Stored entries
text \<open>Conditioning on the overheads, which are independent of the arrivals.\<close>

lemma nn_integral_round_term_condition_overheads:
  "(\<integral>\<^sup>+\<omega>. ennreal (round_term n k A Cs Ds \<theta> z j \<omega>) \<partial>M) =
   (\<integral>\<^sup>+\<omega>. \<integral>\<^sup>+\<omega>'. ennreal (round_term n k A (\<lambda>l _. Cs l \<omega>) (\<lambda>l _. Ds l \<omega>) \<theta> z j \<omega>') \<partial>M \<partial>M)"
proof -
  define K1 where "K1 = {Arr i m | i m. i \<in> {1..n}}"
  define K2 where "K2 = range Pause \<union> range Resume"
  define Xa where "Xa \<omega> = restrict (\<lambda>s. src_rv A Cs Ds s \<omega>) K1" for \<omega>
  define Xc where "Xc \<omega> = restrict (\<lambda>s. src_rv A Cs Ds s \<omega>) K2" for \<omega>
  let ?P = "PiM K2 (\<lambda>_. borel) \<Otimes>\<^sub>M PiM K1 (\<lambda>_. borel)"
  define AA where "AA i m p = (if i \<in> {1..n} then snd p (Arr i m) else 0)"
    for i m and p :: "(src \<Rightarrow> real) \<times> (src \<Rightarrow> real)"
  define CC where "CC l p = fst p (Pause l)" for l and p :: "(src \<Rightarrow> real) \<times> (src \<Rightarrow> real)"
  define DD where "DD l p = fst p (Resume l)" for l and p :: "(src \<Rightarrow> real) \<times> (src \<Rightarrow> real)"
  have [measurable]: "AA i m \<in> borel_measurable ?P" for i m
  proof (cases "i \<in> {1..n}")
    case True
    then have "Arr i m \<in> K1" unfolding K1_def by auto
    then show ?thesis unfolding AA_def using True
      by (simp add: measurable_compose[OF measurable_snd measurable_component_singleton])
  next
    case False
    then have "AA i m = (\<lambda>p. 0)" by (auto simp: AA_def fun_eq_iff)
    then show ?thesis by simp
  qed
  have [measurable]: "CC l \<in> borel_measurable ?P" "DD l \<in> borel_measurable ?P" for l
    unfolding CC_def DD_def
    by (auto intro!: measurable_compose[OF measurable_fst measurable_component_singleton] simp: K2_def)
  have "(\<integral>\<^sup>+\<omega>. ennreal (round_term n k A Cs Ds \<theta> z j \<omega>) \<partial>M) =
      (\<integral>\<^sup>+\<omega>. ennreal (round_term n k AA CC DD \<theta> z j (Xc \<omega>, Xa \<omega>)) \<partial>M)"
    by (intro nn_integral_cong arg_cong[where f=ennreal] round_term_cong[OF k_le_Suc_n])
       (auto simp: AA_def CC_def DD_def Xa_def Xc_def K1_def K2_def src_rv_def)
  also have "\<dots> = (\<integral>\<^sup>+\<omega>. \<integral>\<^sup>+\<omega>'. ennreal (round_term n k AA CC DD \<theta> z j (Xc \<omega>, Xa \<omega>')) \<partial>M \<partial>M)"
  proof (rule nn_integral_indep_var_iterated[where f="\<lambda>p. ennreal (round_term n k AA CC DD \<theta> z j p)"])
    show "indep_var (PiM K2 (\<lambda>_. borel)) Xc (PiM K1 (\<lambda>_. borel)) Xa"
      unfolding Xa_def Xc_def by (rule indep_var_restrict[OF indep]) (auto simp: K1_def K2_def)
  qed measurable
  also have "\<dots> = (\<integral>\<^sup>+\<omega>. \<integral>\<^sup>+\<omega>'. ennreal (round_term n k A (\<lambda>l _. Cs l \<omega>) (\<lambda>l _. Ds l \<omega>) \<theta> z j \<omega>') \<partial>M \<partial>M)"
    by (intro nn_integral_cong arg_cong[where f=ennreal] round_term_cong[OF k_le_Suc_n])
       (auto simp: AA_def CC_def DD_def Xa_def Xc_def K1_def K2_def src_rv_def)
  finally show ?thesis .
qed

◆ **What you have to do**
Each entry above is to be transcribed without alteration.

◆ **Worked solution**
text \<open>Conditioning on the overheads, which are independent of the arrivals.\<close>

lemma nn_integral_round_term_condition_overheads:
  "(\<integral>\<^sup>+\<omega>. ennreal (round_term n k A Cs Ds \<theta> z j \<omega>) \<partial>M) =
   (\<integral>\<^sup>+\<omega>. \<integral>\<^sup>+\<omega>'. ennreal (round_term n k A (\<lambda>l _. Cs l \<omega>) (\<lambda>l _. Ds l \<omega>) \<theta> z j \<omega>') \<partial>M \<partial>M)"
proof -
  define K1 where "K1 = {Arr i m | i m. i \<in> {1..n}}"
  define K2 where "K2 = range Pause \<union> range Resume"
  define Xa where "Xa \<omega> = restrict (\<lambda>s. src_rv A Cs Ds s \<omega>) K1" for \<omega>
  define Xc where "Xc \<omega> = restrict (\<lambda>s. src_rv A Cs Ds s \<omega>) K2" for \<omega>
  let ?P = "PiM K2 (\<lambda>_. borel) \<Otimes>\<^sub>M PiM K1 (\<lambda>_. borel)"
  define AA where "AA i m p = (if i \<in> {1..n} then snd p (Arr i m) else 0)"
    for i m and p :: "(src \<Rightarrow> real) \<times> (src \<Rightarrow> real)"
  define CC where "CC l p = fst p (Pause l)" for l and p :: "(src \<Rightarrow> real) \<times> (src \<Rightarrow> real)"
  define DD where "DD l p = fst p (Resume l)" for l and p :: "(src \<Rightarrow> real) \<times> (src \<Rightarrow> real)"
  have [measurable]: "AA i m \<in> borel_measurable ?P" for i m
  proof (cases "i \<in> {1..n}")
    case True
    then have "Arr i m \<in> K1" unfolding K1_def by auto
    then show ?thesis unfolding AA_def using True
      by (simp add: measurable_compose[OF measurable_snd measurable_component_singleton])
  next
    case False
    then have "AA i m = (\<lambda>p. 0)" by (auto simp: AA_def fun_eq_iff)
    then show ?thesis by simp
  qed
  have [measurable]: "CC l \<in> borel_measurable ?P" "DD l \<in> borel_measurable ?P" for l
    unfolding CC_def DD_def
    by (auto intro!: measurable_compose[OF measurable_fst measurable_component_singleton] simp: K2_def)
  have "(\<integral>\<^sup>+\<omega>. ennreal (round_term n k A Cs Ds \<theta> z j \<omega>) \<partial>M) =
      (\<integral>\<^sup>+\<omega>. ennreal (round_term n k AA CC DD \<theta> z j (Xc \<omega>, Xa \<omega>)) \<partial>M)"
    by (intro nn_integral_cong arg_cong[where f=ennreal] round_term_cong[OF k_le_Suc_n])
       (auto simp: AA_def CC_def DD_def Xa_def Xc_def K1_def K2_def src_rv_def)
  also have "\<dots> = (\<integral>\<^sup>+\<omega>. \<integral>\<^sup>+\<omega>'. ennreal (round_term n k AA CC DD \<theta> z j (Xc \<omega>, Xa \<omega>')) \<partial>M \<partial>M)"
  proof (rule nn_integral_indep_var_iterated[where f="\<lambda>p. ennreal (round_term n k AA CC DD \<theta> z j p)"])
    show "indep_var (PiM K2 (\<lambda>_. borel)) Xc (PiM K1 (\<lambda>_. borel)) Xa"
      unfolding Xa_def Xc_def by (rule indep_var_restrict[OF indep]) (auto simp: K1_def K2_def)
  qed measurable
  also have "\<dots> = (\<integral>\<^sup>+\<omega>. \<integral>\<^sup>+\<omega>'. ennreal (round_term n k A (\<lambda>l _. Cs l \<omega>) (\<lambda>l _. Ds l \<omega>) \<theta> z j \<omega>') \<partial>M \<partial>M)"
    by (intro nn_integral_cong arg_cong[where f=ennreal] round_term_cong[OF k_le_Suc_n])
       (auto simp: AA_def CC_def DD_def Xa_def Xc_def K1_def K2_def src_rv_def)
  finally show ?thesis .
qed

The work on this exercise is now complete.